Most active commenters

williamcotton(7)
namaria(3)

Popular/hot comments

>>43235138 #

←back to thread

Hallucinations in code are the least dangerous form of LLM mistakes

(simonwillison.net)

1. al2o3cr ◴[02 Mar 25 20:51 UTC] No.43234929[source]▶

>>43233903 (OP) #

    My cynical side suspects they may have been looking for
    a reason to dismiss the technology and jumped at the first
    one they found.

MY cynical side suggests the author is an LLM fanboi who prefers not to think that hallucinating easy stuff strongly implies hallucinating harder stuff, and therefore jumps at the first reason to dismiss the criticism.

replies(2): >>43235138 #>>43237917 #

2. williamcotton ◴[02 Mar 25 21:09 UTC] No.43235138[source]▶

>>43234929 (TP) #

What do you mean by "harder stuff"? What about an experimental DSL written in C with a recursive descent parser and a web server runtime that includes Lua, jq, a Postgres connection pool, mustache templates, request-based memory arena, database migrations and much more? 11,000+ lines of code with ~90% written by Claude in Cursor Composer.

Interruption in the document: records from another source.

theorem lemma5:
  fixes n :: nat
  assumes "prime n" and "odd n"
  defines "\<omega> \<equiv> exp (2 * of_real pi * \<i> / of_nat n)"
  defines "A \<equiv> {complex_of_real (Re (\<omega> ^ k)) | k. 1 \<le> k \<and> k \<le> (n - 1) div 2}"
  defines "B \<equiv> {\<i> * complex_of_real (Im (\<omega> ^ k)) | k. 1 \<le> k \<and> k \<le> (n - 1) div 2}"
  shows "rat_basis (A \<union> B) (rat_adjoin \<omega>)"
proof -
  have "n > 2" using prime_ge_2_nat[OF assms(1)] assms(2) by (cases "n = 2") auto
  interpret prime_root_of_unity n \<omega>
    using assms(1) exp_two_pi_i_div_power exp_two_pi_i_div_neq_1[OF \<open>n > 2\<close>]
    unfolding \<omega>_def by unfold_locales
  show ?thesis
    unfolding A_def B_def
    using rat_basis_re_im_basis[OF assms(2)] image_re_im_basis[OF assms(2)] by simp
qed

end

https://github.com/williamcotton/webdsl

Frankly us "fanbois" are just a little sick and tired of being told that we must be terrible developers working on simple toys if we find any value from these tools!

replies(6): >>43235291 #>>43235372 #>>43235757 #>>43235877 #>>43239166 #>>43239764 #

3. dzaima ◴[02 Mar 25 21:24 UTC] No.43235291[source]▶

>>43235138 #

Some free code review of the first file I clicked into - https://github.com/williamcotton/webdsl/blob/92762fb724a9035... among other places should probably be doing the conditional "lexer->line++"; thing. Quite a weird decision to force all code paths to manually do that whenever a newline char is encountered. Could've at least made a "advance_maybe_newline(lexer);" or so. But I guess LLMs give you copy-paste garbage.

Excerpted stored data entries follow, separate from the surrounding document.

lemma traj_in_Gset:
  assumes "z \<in> Y" "\<And>s. w s \<in> Aset Y U f (traj f z w s)"
  shows "(traj f z w s, w s) \<in> Gset Y U f"
proof -
  have "traj f z w s \<in> Y"
    using assms(1) assms(2)[of "s - 1"] by (cases s) (auto simp: Aset_def)
  then show ?thesis
    using assms(2) by (simp add: Gset_def)
qed

lemma reachable_periodic_process_admissible_control:
  assumes per: "periodic_process Y U f P y u" and reach: "reachable_from Y U f z (y 0)"
  obtains w tb where "\<And>s. w s \<in> Aset Y U f (traj f z w s)" "\<And>t. traj f z w (tb + t) = y t"
proof -
  obtain tb v where v: "v \<in> adm_controls Y U f tb z" and v_end: "traj f z v tb = y 0"
    using reach unfolding reachable_from_def by auto
  have uA: "\<And>t. u t \<in> Aset Y U f (y t)" and y_step: "\<And>t. y (Suc t) = f (y t, u t)"
    using per unfolding periodic_process_def by auto
  define w where "w s = (if s < tb then v s else u (s - tb))" for s
  have before: "traj f z w s = traj f z v s" if "s \<le> tb" for s
    by (rule traj_cong) (use that in \<open>simp add: w_def\<close>)
  have after: "traj f z w (tb + t) = y t" for t
  proof (induction t)
    case 0
    show ?case using before[of tb] v_end by simp
  next
    case (Suc t)
    then show ?case by (simp add: w_def y_step)
  qed
  have "w s \<in> Aset Y U f (traj f z w s)" for s
  proof (cases "s < tb")
    case True
    then show ?thesis using v before[of s] by (simp add: adm_controls_def w_def)
  next
    case False
    then obtain t where "s = tb + t" using le_Suc_ex not_less by blast
    then show ?thesis using uA after by (simp add: w_def)
  qed
  then show thesis using after that by blast
qed

lemma periodic_occupation_measure_in_Wset:
  assumes "continuous_on (Gset Y U f) f" "periodic_process Y U f P y u"
  shows "occupation_measure (Gset Y U f) {..<P} (1 / P) (\<lambda>t. (y t, u t)) \<in> Wset Y U f"
    (is "?\<gamma> \<in> _")
proof -
  have P: "0 < P" and yuG: "(\<lambda>t. (y t, u t)) ` {..<P} \<subseteq> Gset Y U f"
    and y_step: "\<And>t. y (Suc t) = f (y t, u t)"
    using assms(2) unfolding periodic_process_def by (auto simp: Gset_def)
  have y_P: "y P = y 0"
    using assms(2) unfolding periodic_process_def by (metis add_0)
  have "prob_on (Gset Y U f) ?\<gamma>"
    unfolding prob_on_def using P by (auto intro!: prob_space_occupation_measure[OF finite_lessThan yuG])
  moreover have "(\<integral>p. \<phi> (f p) - \<phi> (fst p) \<partial>?\<gamma>) = 0" if "continuous_on Y \<phi>" for \<phi> :: "'a \<Rightarrow> real"
  proof -
    have "(\<integral>p. \<phi> (f p) - \<phi> (fst p) \<partial>?\<gamma>) = (\<Sum>t<P. \<phi> (y (Suc t)) - \<phi> (y t)) / P"
      using continuous_on_Gset_test_functions[OF assms(1) that]
      by (subst integral_occupation_measure[OF _ yuG]) (auto intro!: continuous_intros simp: y_step)
    also have "\<dots> = 0"
      using y_P by (simp add: sum_lessThan_telescope[of "\<lambda>t. \<phi> (y t)"])
    finally show ?thesis .
  qed
  ultimately show ?thesis by (simp add: Wset_def)
qed

definition LP_feasible ::
    "'a::topological_space set \<Rightarrow> ('a \<Rightarrow> 'b::topological_space set) \<Rightarrow> ('a \<times> 'b \<Rightarrow> 'a) \<Rightarrow> 'a \<Rightarrow>
     ('a \<times> 'b) measure \<Rightarrow> ('a \<times> 'b) measure \<Rightarrow> bool" where
  "LP_feasible Y U f z \<gamma> \<xi> \<longleftrightarrow>
     prob_on (Gset Y U f) \<gamma> \<and> finmeas_on (Gset Y U f) \<xi> \<and> \<gamma> \<in> Wset Y U f \<and>
     (\<forall>\<phi>::'a \<Rightarrow> real. continuous_on Y \<phi> \<longrightarrow>
        (\<integral>p. \<phi> z - \<phi> (fst p) \<partial>\<gamma>) + (\<integral>p. \<phi> (f p) - \<phi> (fst p) \<partial>\<xi>) = 0)"

lemma kstar_le_LP_feasible:
  "LP_feasible Y U f z \<gamma> \<xi> \<Longrightarrow> kstar Y U f k z \<le> ereal (\<integral>p. k p \<partial>\<gamma>)"
  unfolding kstar_def LP_feasible_def by (rule Inf_lower) blast

text \<open>The second measure spreads mass 1/P over the paths from z to each point y t of the
  period; the constraint then telescopes along these paths.\<close>
lemma LP_feasible_periodic_occupation_measure:
  assumes fc: "continuous_on (Gset Y U f) f" and z: "z \<in> Y"
    and per: "periodic_process Y U f P y u" and reach: "reachable_from Y U f z (y 0)"
  shows "\<exists>\<xi>. LP_feasible Y U f z (occupation_measure (Gset Y U f) {..<P} (1 / P) (\<lambda>t. (y t, u t))) \<xi>"
proof -
  let ?G = "Gset Y U f"
  let ?\<gamma> = "occupation_measure ?G {..<P} (1 / P) (\<lambda>t. (y t, u t))"
  obtain w tb where wA: "\<And>s. w s \<in> Aset Y U f (traj f z w s)"
    and w_tb: "\<And>t. traj f z w (tb + t) = y t"
    using reachable_periodic_process_admissible_control[OF per reach] by blast
  define x where "x = traj f z w"
  define I where "I = Sigma {..<P} (\<lambda>t. {..<tb + t})"
  define \<xi> where "\<xi> = occupation_measure ?G I (1 / P) (\<lambda>(t, s). (x s, w s))"
  have yuG: "(\<lambda>t. (y t, u t)) ` {..<P} \<subseteq> ?G"
    using per unfolding periodic_process_def by (auto simp: Gset_def)
  have xwG: "(\<lambda>(t, s). (x s, w s)) ` I \<subseteq> ?G"
    using traj_in_Gset[OF z wA] by (auto simp: x_def)
  have I: "finite I"
    by (simp add: I_def)
  have "finmeas_on ?G \<xi>"
    by (simp add: finmeas_on_def \<xi>_def finite_measure_occupation_measure[OF I xwG])
  moreover have "(\<integral>p. \<phi> z - \<phi> (fst p) \<partial>?\<gamma>) + (\<integral>p. \<phi> (f p) - \<phi> (fst p) \<partial>\<xi>) = 0"
    if \<phi>: "continuous_on Y \<phi>" for \<phi> :: "'a \<Rightarrow> real"
  proof -
    note \<phi>_cont = continuous_on_Gset_test_functions[OF fc \<phi>]
    have telescope: "(\<Sum>s<tb + t. \<phi> (x (Suc s)) - \<phi> (x s)) = \<phi> (y t) - \<phi> z" for t
      using sum_lessThan_telescope[of "\<lambda>s. \<phi> (x s)" "tb + t"] w_tb[of t] by (simp add: x_def)
    have \<gamma>_integral: "(\<integral>p. \<phi> z - \<phi> (fst p) \<partial>?\<gamma>) = (\<Sum>t<P. \<phi> z - \<phi> (y t)) / P"
      using \<phi>_cont by (subst integral_occupation_measure[OF _ yuG]) (auto intro!: continuous_intros)
    have "(\<integral>p. \<phi> (f p) - \<phi> (fst p) \<partial>\<xi>) = (\<Sum>(t, s)\<in>I. \<phi> (x (Suc s)) - \<phi> (x s)) / P"
      using \<phi>_cont unfolding \<xi>_def
      by (subst integral_occupation_measure[OF I xwG])
         (auto intro!: continuous_intros sum.cong simp: x_def)
    also have "\<dots> = (\<Sum>t<P. \<Sum>s<tb + t. \<phi> (x (Suc s)) - \<phi> (x s)) / P"
      by (simp add: I_def sum.Sigma)
    also have "\<dots> = (\<Sum>t<P. \<phi> (y t) - \<phi> z) / P"
      by (simp only: telescope)
    finally show ?thesis
      by (simp add: \<gamma>_integral sum_subtractf add_divide_distrib[symmetric])
  qed
  ultimately have "LP_feasible Y U f z ?\<gamma> \<xi>"
    using periodic_occupation_measure_in_Wset[OF fc per] by (simp add: LP_feasible_def Wset_def)
  then show ?thesis ..
qed

lemma kstar_le_Vper:
  assumes U0: "\<forall>y\<in>Y. U y \<subseteq> U0"
    and fc: "continuous_on (UNIV \<times> U0) f" and kc: "continuous_on (UNIV \<times> U0) k" and z: "z \<in> Y"
  shows "kstar Y U f k z \<le> Vper Y U f k z"
  unfolding Vper_def
proof (rule Inf_greatest, safe)
  fix P y u
  assume per: "periodic_process Y U f P y u" and reach: "reachable_from Y U f z (y 0)"
  let ?\<gamma> = "occupation_measure (Gset Y U f) {..<P} (1 / P) (\<lambda>t. (y t, u t))"
  have yuG: "(\<lambda>t. (y t, u t)) ` {..<P} \<subseteq> Gset Y U f"
    using per unfolding periodic_process_def by (auto simp: Gset_def)
  obtain \<xi> where "LP_feasible Y U f z ?\<gamma> \<xi>"
    using LP_feasible_periodic_occupation_measure[OF continuous_on_Gset[OF U0 fc] z per reach] ..
  then have "kstar Y U f k z \<le> ereal (\<integral>p. k p \<partial>?\<gamma>)"
    by (rule kstar_le_LP_feasible)
  also have "(\<integral>p. k p \<partial>?\<gamma>) = 1 / P * (\<Sum>t<P. k (y t, u t))"
    by (rule integral_occupation_measure[OF _ yuG _ continuous_on_Gset[OF U0 kc]]) auto
  finally show "kstar Y U f k z \<le> ereal (1 / P * (\<Sum>t<P. k (y t, u t)))" .
qed

theorem corollary2p5:
  fixes Y :: "'a::euclidean_space set"
    and U0 :: "'b::metric_space set"
    and U :: "'a \<Rightarrow> 'b set"
    and f :: "'a \<times> 'b \<Rightarrow> 'a"
    and k :: "'a \<times> 'b \<Rightarrow> real"
    and y0 :: 'a
  assumes "compact Y" and "Y \<noteq> {}"
    and "compact U0"
    and "\<forall>y\<in>Y. U y \<subseteq> U0 \<and> compact (U y)"
    and "usc_on Y U"
    and "continuous_on (UNIV \<times> U0) f"
    and "continuous_on (UNIV \<times> U0) k"
    and "\<forall>y\<in>Y. Aset Y U f y \<noteq> {}"
    and "y0 \<in> Y"
    and "Vper Y U f k y0 = liminf (\<lambda>T. ereal (VT Y U f k T y0))"
  shows "liminf (\<lambda>T. ereal (VT Y U f k T y0)) \<ge> kstar Y U f k y0"
proof -
  have "\<forall>y\<in>Y. U y \<subseteq> U0"
    using assms(4) by blast
  then have "kstar Y U f k y0 \<le> Vper Y U f k y0"
    using kstar_le_Vper assms(6,7,9) by blast
  then show ?thesis
    using assms(10) by simp
qed

end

Even the article of this thread says:

> Just because code looks good and runs without errors doesn’t mean it’s actually doing the right thing.

replies(2): >>43235410 #>>43235622 #

4. elanora96 ◴[02 Mar 25 21:31 UTC] No.43235372[source]▶

>>43235138 #

I'm a strong believer that LLMs are tools and when wielded by talented and experienced developers they are somewhere in the danger category of Stack Overflow and transitive dependencies. This is not a critique of your project, or really the quality of LLMs, but when I see 90% of a 11,000+ loc project written in Claude, it just feels sort of depressing in a way I haven't processed yet.

I love foss, I love browsing projects of all quality levels and vintages and seeing how things were built. I love learning new patterns and sometimes even bickering over their strengths and weaknesses. An LLM generated code base hardly makes me even want to engage with it...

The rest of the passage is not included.